* _To do_
All that is wanted is an exact copy of the line containing "i \<and> 1 \<le>" and the lines after it, through the end of the records.

Materials provided: Begin

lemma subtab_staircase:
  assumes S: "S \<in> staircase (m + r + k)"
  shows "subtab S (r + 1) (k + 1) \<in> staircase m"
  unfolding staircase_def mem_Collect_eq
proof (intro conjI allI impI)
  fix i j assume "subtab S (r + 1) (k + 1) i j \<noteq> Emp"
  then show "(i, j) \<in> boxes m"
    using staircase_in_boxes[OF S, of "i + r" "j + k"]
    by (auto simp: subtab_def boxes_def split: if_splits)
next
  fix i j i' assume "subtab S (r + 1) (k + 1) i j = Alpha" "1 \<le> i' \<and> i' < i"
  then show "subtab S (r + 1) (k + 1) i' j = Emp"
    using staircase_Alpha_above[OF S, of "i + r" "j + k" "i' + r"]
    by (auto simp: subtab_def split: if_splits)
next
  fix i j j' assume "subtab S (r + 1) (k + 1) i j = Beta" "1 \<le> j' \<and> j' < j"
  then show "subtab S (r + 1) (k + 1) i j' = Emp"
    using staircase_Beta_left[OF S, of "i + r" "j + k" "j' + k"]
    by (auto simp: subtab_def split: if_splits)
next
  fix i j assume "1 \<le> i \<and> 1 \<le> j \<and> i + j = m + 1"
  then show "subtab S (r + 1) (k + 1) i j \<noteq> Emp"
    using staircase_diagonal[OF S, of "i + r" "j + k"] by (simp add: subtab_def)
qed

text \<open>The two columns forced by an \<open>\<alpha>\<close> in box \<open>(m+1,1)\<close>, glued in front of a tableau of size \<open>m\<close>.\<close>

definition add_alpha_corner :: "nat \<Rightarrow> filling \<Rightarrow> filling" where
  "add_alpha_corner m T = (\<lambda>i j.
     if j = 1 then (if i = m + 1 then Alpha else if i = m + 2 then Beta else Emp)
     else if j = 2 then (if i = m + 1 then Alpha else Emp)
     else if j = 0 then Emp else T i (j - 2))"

Materials provided: End

* _Answer section_
  fix i j assume "1 \<le> i \<and> 1 \<le> j \<and> i + j = m + 1"
  then show "subtab S (r + 1) (k + 1) i j \<noteq> Emp"
    using staircase_diagonal[OF S, of "i + r" "j + k"] by (simp add: subtab_def)
qed

text \<open>The two columns forced by an \<open>\<alpha>\<close> in box \<open>(m+1,1)\<close>, glued in front of a tableau of size \<open>m\<close>.\<close>

definition add_alpha_corner :: "nat \<Rightarrow> filling \<Rightarrow> filling" where
  "add_alpha_corner m T = (\<lambda>i j.
     if j = 1 then (if i = m + 1 then Alpha else if i = m + 2 then Beta else Emp)
     else if j = 2 then (if i = m + 1 then Alpha else Emp)
     else if j = 0 then Emp else T i (j - 2))"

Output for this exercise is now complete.